lemma Phi_var_maximizer_tendsto:
  assumes q: "q \<ge> 0" and p: "p \<ge> 0"
  shows "(\<lambda>n. ennreal (Phi_var q p (Phi_maximizer n q p))) \<longlonglongrightarrow> Phi q p"
proof (cases "p = 0")
  case pz: True
  show ?thesis
  proof (cases "q = 0")
    case True then show ?thesis using pz by (simp add: Phi_maximizer_def Phi_var_def Phi_def)
  next
    case False
    have "filterlim (\<lambda>n. q * real n) at_top sequentially"
      using False q by (intro filterlim_tendsto_pos_mult_at_top[OF tendsto_const _ filterlim_real_sequentially]) auto
    then show ?thesis using pz False
      by (simp add: Phi_maximizer_def Phi_var_def Phi_def ennreal_tendsto_top_eq_at_top)
  qed
next
  case pn: False
  show ?thesis
  proof (cases "q = 0")
    case True
    have "exp (-1::real) < exp 0" by (subst exp_less_cancel_iff) simp
    then have "norm (exp (-1::real)) < 1" by simp
    then have "(\<lambda>n. exp (-1::real) ^ n) \<longlonglongrightarrow> 0" by (rule LIMSEQ_power_zero)
    then have "(\<lambda>n. p - p * exp (-1::real) ^ n) \<longlonglongrightarrow> p - p * 0"
      by (rule tendsto_diff[OF tendsto_const tendsto_mult_left])
    moreover have "Phi_var q p (Phi_maximizer n q p) = p - p * exp (-1::real) ^ n" for n
      using True pn exp_of_nat_mult[of n "-1::real"] by (simp add: Phi_maximizer_def Phi_var_def algebra_simps)
    ultimately show ?thesis using True p by (simp add: Phi_def tendsto_ennrealI)
  next
    case qn: False
    have "\<forall>n \<ge> nat \<lceil>\<bar>ln (q / p)\<bar>\<rceil>. ennreal (Phi_var q p (Phi_maximizer n q p)) = Phi q p"
      using qn pn q p by (auto simp: Phi_maximizer_def Phi_var_def Phi_def algebra_simps)
    then have "eventually (\<lambda>n. ennreal (Phi_var q p (Phi_maximizer n q p)) = Phi q p) sequentially"
      unfolding eventually_sequentially by (rule exI)
    then show ?thesis by (rule tendsto_eventually)
  qed
qed

lemma abs_exp_diff_le:
  fixes a b B :: real
  assumes "\<bar>a\<bar> \<le> B" "\<bar>b\<bar> \<le> B"
  shows "\<bar>exp a - exp b\<bar> \<le> exp B * \<bar>a - b\<bar>"
proof -
  have *: "exp v - exp u \<le> exp B * (v - u)" if "u \<le> v" "v \<le> B" for u v :: real
  proof -
    have "exp v - exp u \<le> exp v * (v - u)" using exp_tangent_le[of v u] by (simp add: algebra_simps)
    also have "\<dots> \<le> exp B * (v - u)" using that by (intro mult_right_mono) auto
    finally show ?thesis .
  qed
  show ?thesis
  proof (cases "a \<le> b")
    case True
    then show ?thesis using *[of a b] assms by (simp add: abs_le_iff)
  next
    case False
    then show ?thesis using *[of b a] assms by (simp add: abs_le_iff)
  qed
qed

lemma abs_exp_minus_one_le:
  assumes "(x :: real) \<le> B" shows "\<bar>exp x - 1\<bar> \<le> exp B + 1"
proof -
  have "exp x \<le> exp B" using assms by simp
  moreover have "0 < exp x" "0 < exp B" by simp_all
  ultimately show ?thesis unfolding abs_le_iff by linarith
qed

lemma finite_measure_integrable_bounded:
  fixes f :: "'a \<Rightarrow> real"
  assumes "finite_measure M" "f \<in> borel_measurable M" "\<And>t. t \<in> space M \<Longrightarrow> \<bar>f t\<bar> \<le> B"
  shows "integrable M f"
  using assms by (intro finite_measure.integrable_const_bound[where B=B]) (auto intro: AE_I2)

lemma integrable_mult_bounded:
  fixes m g :: "'a \<Rightarrow> real"
  assumes "integrable M m" "g \<in> borel_measurable M" "\<And>t. t \<in> space M \<Longrightarrow> \<bar>g t\<bar> \<le> B"
  shows "integrable M (\<lambda>t. m t * g t)"
proof (rule Bochner_Integration.integrable_bound[where f="\<lambda>t. \<bar>B\<bar> * m t"])
  show "integrable M (\<lambda>t. \<bar>B\<bar> * m t)" using assms(1) by simp
  show "(\<lambda>t. m t * g t) \<in> borel_measurable M" using assms(1,2) by measurable
  have "\<bar>g t\<bar> * \<bar>m t\<bar> \<le> \<bar>B\<bar> * \<bar>m t\<bar>" if "t \<in> space M" for t
    using assms(3)[OF that] by (intro mult_right_mono) auto
  then show "AE t in M. norm (m t * g t) \<le> norm (\<bar>B\<bar> * m t)"
    by (intro AE_I2) (simp add: abs_mult mult.commute)
qed

lemma integrable_density_finite:
  assumes "finite_measure (density M (\<lambda>t. ennreal (f t)))"
    and f: "f \<in> borel_measurable M" and "\<And>t. 0 \<le> f t"
  shows "integrable M f"
proof (rule integrableI_bounded)
  have "(\<integral>\<^sup>+t. ennreal (norm (f t)) \<partial>M) = (\<integral>\<^sup>+t. ennreal (f t) * indicator (space M) t \<partial>M)"
    using assms(3) by (intro nn_integral_cong) auto
  also have "\<dots> = emeasure (density M (\<lambda>t. ennreal (f t))) (space (density M (\<lambda>t. ennreal (f t))))"
    using f by (simp add: emeasure_density)
  finally show "(\<integral>\<^sup>+t. ennreal (norm (f t)) \<partial>M) < \<infinity>"
    using finite_measure.emeasure_finite[OF assms(1)] by (simp add: less_top)
qed (fact f)
definition dt :: "(real \<Rightarrow> real \<Rightarrow> 'a::real_normed_vector) \<Rightarrow> real \<Rightarrow> real \<Rightarrow> 'a" where
  "dt f u t = vector_derivative (\<lambda>s. f u s) (at t within {0..})"

definition speed :: "(real \<Rightarrow> real \<Rightarrow> complex) \<Rightarrow> real \<Rightarrow> real \<Rightarrow> real" where
  "speed \<alpha> u t = norm (du \<alpha> u t)"

definition ds :: "(real \<Rightarrow> real \<Rightarrow> complex) \<Rightarrow> (real \<Rightarrow> real \<Rightarrow> 'a::real_normed_vector)
    \<Rightarrow> real \<Rightarrow> real \<Rightarrow> 'a" where
  "ds \<alpha> f u t = (1 / speed \<alpha> u t) *\<^sub>R du f u t"

text \<open>Unit tangent and unit normal (the tangent rotated by -90 degrees).
  The statement is invariant under the choice of sign of the normal.\<close>
definition tangent :: "(real \<Rightarrow> real \<Rightarrow> complex) \<Rightarrow> real \<Rightarrow> real \<Rightarrow> complex" where
  "tangent \<alpha> = ds \<alpha> \<alpha>"

definition normal :: "(real \<Rightarrow> real \<Rightarrow> complex) \<Rightarrow> real \<Rightarrow> real \<Rightarrow> complex" where
  "normal \<alpha> u t = - \<i> * tangent \<alpha> u t"

definition curv :: "(real \<Rightarrow> real \<Rightarrow> complex) \<Rightarrow> real \<Rightarrow> real \<Rightarrow> real" where
  "curv \<alpha> u t = - (ds \<alpha> (ds \<alpha> \<alpha>) u t \<bullet> normal \<alpha> u t)"

definition kd :: "(real \<Rightarrow> real \<Rightarrow> complex) \<Rightarrow> nat \<Rightarrow> real \<Rightarrow> real \<Rightarrow> real" where
  "kd \<alpha> l = (ds \<alpha> ^^ l) (curv \<alpha>)"

definition lint :: "(real \<Rightarrow> real \<Rightarrow> complex) \<Rightarrow> (real \<Rightarrow> real \<Rightarrow> real) \<Rightarrow> real \<Rightarrow> real" where
  "lint \<alpha> f t = integral {-1..1} (\<lambda>u. f u t * speed \<alpha> u t)"

definition curve_length :: "(real \<Rightarrow> real \<Rightarrow> complex) \<Rightarrow> real \<Rightarrow> real" where
  "curve_length \<alpha> t = lint \<alpha> (\<lambda>u s. 1) t"

definition kbar :: "(real \<Rightarrow> real \<Rightarrow> complex) \<Rightarrow> real \<Rightarrow> real" where
  "kbar \<alpha> t = lint \<alpha> (curv \<alpha>) t / curve_length \<alpha> t"

definition osc_sup :: "(real \<Rightarrow> real \<Rightarrow> complex) \<Rightarrow> real \<Rightarrow> real" where
  "osc_sup \<alpha> t = (SUP u\<in>{-1..1}. \<bar>curv \<alpha> u t - kbar \<alpha> t\<bar>)"

definition ray :: "real \<Rightarrow> complex set" where
  "ray \<theta> = {complex_of_real \<rho> * cis \<theta> | \<rho>. \<rho> > 0}"

definition open_cone :: "real \<Rightarrow> real \<Rightarrow> complex set" where
  "open_cone \<theta>1 \<theta>2 = {complex_of_real \<rho> * cis \<phi> | \<rho> \<phi>. \<rho> > 0 \<and> \<theta>2 < \<phi> \<and> \<phi> < \<theta>1}"

definition elastic_cone_flow ::
  "real \<Rightarrow> real \<Rightarrow> real \<Rightarrow> (real \<Rightarrow> real \<Rightarrow> complex) \<Rightarrow> bool" where
  "elastic_cone_flow lam \<theta>1 \<theta>2 \<alpha> \<longleftrightarrow>
     smooth_strip \<alpha> \<and>
     (\<forall>u\<in>{-1..1}. \<forall>t\<in>{0..}. du \<alpha> u t \<noteq> 0) \<and>
     (\<forall>u\<in>{-1..1}. \<forall>t\<in>{0..}. dt \<alpha> u t =
        (kd \<alpha> 2 u t + curv \<alpha> u t ^ 3 / 2 - lam * curv \<alpha> u t) *\<^sub>R normal \<alpha> u t) \<and>
     (\<forall>t\<in>{0..}.
        (\<forall>u\<in>{-1<..<1}. \<alpha> u t \<in> open_cone \<theta>1 \<theta>2) \<and>
        \<alpha> (-1) t \<in> ray \<theta>1 \<and> \<alpha> 1 t \<in> ray \<theta>2 \<and>
        tangent \<alpha> (-1) t \<bullet> cis \<theta>1 = 0 \<and> tangent \<alpha> 1 t \<bullet> cis \<theta>2 = 0 \<and>
        kd \<alpha> 1 (-1) t = 0 \<and> kd \<alpha> 1 1 t = 0)"

end

theory Submission
  imports Defs
begin

(* Differentiating under the integral sign, d/dt of the integral of k_s^2 ds is the integral over
   [-1,1] of the time derivative of k_s^2 |alpha_u|.  For a normal flow alpha_t = F nu one has
   (|alpha_u|)_t = k F |alpha_u|, d_t d_s = d_s d_t - k F d_s and k_t = -(F_ss + k^2 F); with
   F = k_ss + k^3/2 - lam k the density becomes |alpha_u| times a polynomial in k, ..., k_{s^5}.
   Up to the u-derivative of a flux, which vanishes at both ends because k_s = 0 there and F_s = 0
   (the unit tangent stays orthogonal to a fixed ray), this polynomial is a bulk term in
   k, ..., k_sss and kbar.  The claimed right-hand side minus the bulk term is a sum of squares
   with nonnegative coefficients, as lam > 0 and |k - kbar| <= ||k - kbar||_oo. *)

section \<open>Smoothness on the strip\<close>

definition strip :: "(real \<times> real) set" where
  "strip = {-1..1} \<times> {0..}"

(* Unlike smooth_strip, C^n regularity is phrased through du and dt themselves, so that closure
   under algebraic operations goes by induction on n. *)
fun strip_C :: "nat \<Rightarrow> (real \<Rightarrow> real \<Rightarrow> 'a::real_normed_vector) \<Rightarrow> bool" where
  "strip_C 0 f \<longleftrightarrow> continuous_on strip (\<lambda>(u,t). f u t)"
| "strip_C (Suc n) f \<longleftrightarrow> continuous_on strip (\<lambda>(u,t). f u t) \<and>
     (\<forall>u\<in>{-1..1}. \<forall>t\<in>{0..}.
        ((\<lambda>v. f v t) has_vector_derivative du f u t) (at u within {-1..1}) \<and>
        ((\<lambda>s. f u s) has_vector_derivative dt f u t) (at t within {0..})) \<and>
     strip_C n (du f) \<and> strip_C n (dt f)"

definition strip_smooth :: "(real \<Rightarrow> real \<Rightarrow> 'a::real_normed_vector) \<Rightarrow> bool" where
  "strip_smooth f \<longleftrightarrow> (\<forall>n. strip_C n f)"

lemma strip_C_continuous: "strip_C n f \<Longrightarrow> continuous_on strip (\<lambda>(u,t). f u t)"
  by (cases n) auto

lemma strip_C_SucD: "strip_C (Suc n) f \<Longrightarrow> strip_C n f"
proof (induction n arbitrary: f)
  case (Suc n)
  then show ?case
    using Suc.IH Suc.prems by (metis strip_C.simps(2))
qed simp

lemma strip_C_Suc_derivatives:
  assumes "strip_C (Suc n) f" "u \<in> {-1..1}" "t \<ge> 0"
  shows "((\<lambda>v. f v t) has_vector_derivative du f u t) (at u within {-1..1})"
    and "((\<lambda>s. f u s) has_vector_derivative dt f u t) (at t within {0..})"
  using assms by auto

lemma strip_C_continuous_on_swap:
  assumes "strip_C n f" "S \<subseteq> {-1..1}"
  shows "continuous_on ({0..} \<times> S) (\<lambda>(s, w). f w s)"
proof -
  have "continuous_on ({0..} \<times> S) (\<lambda>y. (\<lambda>(u,t). f u t) ((\<lambda>(s,w). (w,s)) y))"
    by (rule continuous_on_compose2[OF strip_C_continuous[OF assms(1)]])
       (use assms(2) in \<open>auto simp: strip_def split_beta intro!: continuous_intros\<close>)
  then show ?thesis by (simp add: split_beta)
qed

lemma strip_C_continuous_on_slice:
  assumes "strip_C n f" "t \<ge> 0"
  shows "continuous_on {-1..1} (\<lambda>w. f w t)"
proof -
  have "continuous_on {-1..1} (\<lambda>w. (\<lambda>(u,t). f u t) ((\<lambda>w. (w,t)) w))"
    by (rule continuous_on_compose2[OF strip_C_continuous[OF assms(1)]])
       (use assms(2) in \<open>auto simp: strip_def intro!: continuous_intros\<close>)
  then show ?thesis by simp
qed

lemma at_within_atLeast_neq_bot:
  assumes "t \<ge> (0::real)" shows "at t within {0..} \<noteq> bot"
proof -
  have "t islimpt {t..t+1}" "{t..t+1} \<subseteq> {0..}" using assms by (auto simp: islimpt_Icc)
  then have "t islimpt {0..}" by (rule islimpt_subset)
  then show ?thesis by (simp add: trivial_limit_within)
qed

lemma at_within_interval_neq_bot: "u \<in> {-1..1::real} \<Longrightarrow> at u within {-1..1} \<noteq> bot"
  by (simp add: trivial_limit_within islimpt_Icc)

lemma du_eqI:
  assumes "u \<in> {-1..1}" "((\<lambda>v. f v t) has_vector_derivative D) (at u within {-1..1})"
  shows "du f u t = D"
  unfolding du_def by (rule vector_derivative_within[OF at_within_interval_neq_bot[OF assms(1)] assms(2)])

lemma dt_eqI:
  assumes "t \<ge> 0" "((\<lambda>s. f u s) has_vector_derivative D) (at t within {0..})"
  shows "dt f u t = D"
  unfolding dt_def by (rule vector_derivative_within[OF at_within_atLeast_neq_bot[OF assms(1)] assms(2)])

lemma du_cong:
  assumes "\<And>u t. u \<in> {-1..1} \<Longrightarrow> t \<ge> 0 \<Longrightarrow> f u t = g u t" "u \<in> {-1..1}" "t \<ge> 0"
  shows "du f u t = du g u t"
  unfolding du_def by (rule vector_derivative_cong_eq) (use assms in \<open>auto intro!: always_eventually\<close>)

lemma dt_cong:
  assumes "\<And>u t. u \<in> {-1..1} \<Longrightarrow> t \<ge> 0 \<Longrightarrow> f u t = g u t" "u \<in> {-1..1}" "t \<ge> 0"
  shows "dt f u t = dt g u t"
  unfolding dt_def by (rule vector_derivative_cong_eq) (use assms in \<open>auto intro!: always_eventually\<close>)

lemma strip_C_cong:
  assumes "strip_C n f" "\<And>u t. u \<in> {-1..1} \<Longrightarrow> t \<ge> 0 \<Longrightarrow> f u t = g u t"
  shows "strip_C n g"
  using assms
proof (induction n arbitrary: f g)
  case 0
  have "continuous_on strip (\<lambda>(u,t). f u t) = continuous_on strip (\<lambda>(u,t). g u t)"
    by (intro continuous_on_cong refl) (auto simp: strip_def 0(2))
  then show ?case using 0(1) by simp
next
  case (Suc n)
  have "continuous_on strip (\<lambda>(u,t). f u t) = continuous_on strip (\<lambda>(u,t). g u t)"
    by (intro continuous_on_cong refl) (auto simp: strip_def Suc.prems(2))
  then have cont: "continuous_on strip (\<lambda>(u,t). g u t)"
    using strip_C_continuous[OF Suc.prems(1)] by simp
  have derivs: "((\<lambda>v. g v t) has_vector_derivative du g u t) (at u within {-1..1}) \<and>
        ((\<lambda>s. g u s) has_vector_derivative dt g u t) (at t within {0..})"
    if ut: "u \<in> {-1..1}" "t \<in> {0..}" for u t
  proof
    have "((\<lambda>v. f v t) has_vector_derivative du f u t) (at u within {-1..1})"
      using Suc.prems(1) ut by simp
    then have "((\<lambda>v. g v t) has_vector_derivative du f u t) (at u within {-1..1})"
      by (rule has_vector_derivative_transform[rotated 2]) (use ut Suc.prems(2) in auto)
    then show "((\<lambda>v. g v t) has_vector_derivative du g u t) (at u within {-1..1})"
      using du_cong[OF Suc.prems(2)] ut by simp
    have "((\<lambda>s. f u s) has_vector_derivative dt f u t) (at t within {0..})"
      using Suc.prems(1) ut by simp
    then have "((\<lambda>s. g u s) has_vector_derivative dt f u t) (at t within {0..})"
      by (rule has_vector_derivative_transform[rotated 2]) (use ut Suc.prems(2) in auto)
    then show "((\<lambda>s. g u s) has_vector_derivative dt g u t) (at t within {0..})"
      using dt_cong[OF Suc.prems(2)] ut by simp
  qed
  have "strip_C n (du g)"
    using Suc.IH[of "du f" "du g"] Suc.prems du_cong[OF Suc.prems(2)] by simp
  moreover have "strip_C n (dt g)"
    using Suc.IH[of "dt f" "dt g"] Suc.prems dt_cong[OF Suc.prems(2)] by simp
  ultimately show ?case unfolding strip_C.simps(2) using cont derivs by blast
qed

lemma strip_C_SucI:
  assumes "continuous_on strip (\<lambda>(u,t). h u t)"
    and "\<And>u t. u \<in> {-1..1} \<Longrightarrow> t \<ge> 0 \<Longrightarrow> ((\<lambda>v. h v t) has_vector_derivative A u t) (at u within {-1..1})"
    and "\<And>u t. u \<in> {-1..1} \<Longrightarrow> t \<ge> 0 \<Longrightarrow> ((\<lambda>s. h u s) has_vector_derivative B u t) (at t within {0..})"
    and "strip_C n A" "strip_C n B"
  shows "strip_C (Suc n) h"
proof -
  have du_h: "du h u t = A u t" if "u \<in> {-1..1}" "t \<ge> 0" for u t
    using du_eqI assms(2) that by blast
  have dt_h: "dt h u t = B u t" if "u \<in> {-1..1}" "t \<ge> 0" for u t
    using dt_eqI assms(3) that by blast
  have "strip_C n (du h)" "strip_C n (dt h)"
    using strip_C_cong[OF assms(4), of "du h"] strip_C_cong[OF assms(5), of "dt h"] du_h dt_h by simp_all
  then show ?thesis using assms(1-3) du_h dt_h by simp
qed

lemma strip_C_const: "strip_C n (\<lambda>u t. c)"
proof (induction n arbitrary: c)
  case (Suc n)
  show ?case
    by (rule strip_C_SucI[where A="\<lambda>u t. 0" and B="\<lambda>u t. 0"])
       (auto simp: Suc.IH intro: has_vector_derivative_const)
qed simp

lemma strip_C_add:
  assumes "strip_C n f" "strip_C n g" shows "strip_C n (\<lambda>u t. f u t + g u t)"
  using assms
proof (induction n arbitrary: f g)
  case 0
  then show ?case using continuous_on_add by (fastforce simp: split_beta)
next
  case (Suc n)
  show ?case
  proof (rule strip_C_SucI)
    show "continuous_on strip (\<lambda>(u,t). f u t + g u t)"
      using continuous_on_add[OF strip_C_continuous[OF Suc.prems(1)] strip_C_continuous[OF Suc.prems(2)]]
      by (simp add: split_beta)
  next
    fix u t :: real assume "u \<in> {-1..1}" "t \<ge> 0"
    then show "((\<lambda>v. f v t + g v t) has_vector_derivative du f u t + du g u t) (at u within {-1..1})"
      "((\<lambda>s. f u s + g u s) has_vector_derivative dt f u t + dt g u t) (at t within {0..})"
      using Suc.prems by (auto intro: has_vector_derivative_add)
  qed (use Suc in auto)
qed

* AIM OF THE TASK *
Please find the lines in the data that contain the word "partial" and copy them.

* YOUR RESPONSE *
  have "(\<integral>\<^sup>+t. ennreal (norm (f t)) \<partial>M) = (\<integral>\<^sup>+t. ennreal (f t) * indicator (space M) t \<partial>M)"
  finally show "(\<integral>\<^sup>+t. ennreal (norm (f t)) \<partial>M) < \<infinity>"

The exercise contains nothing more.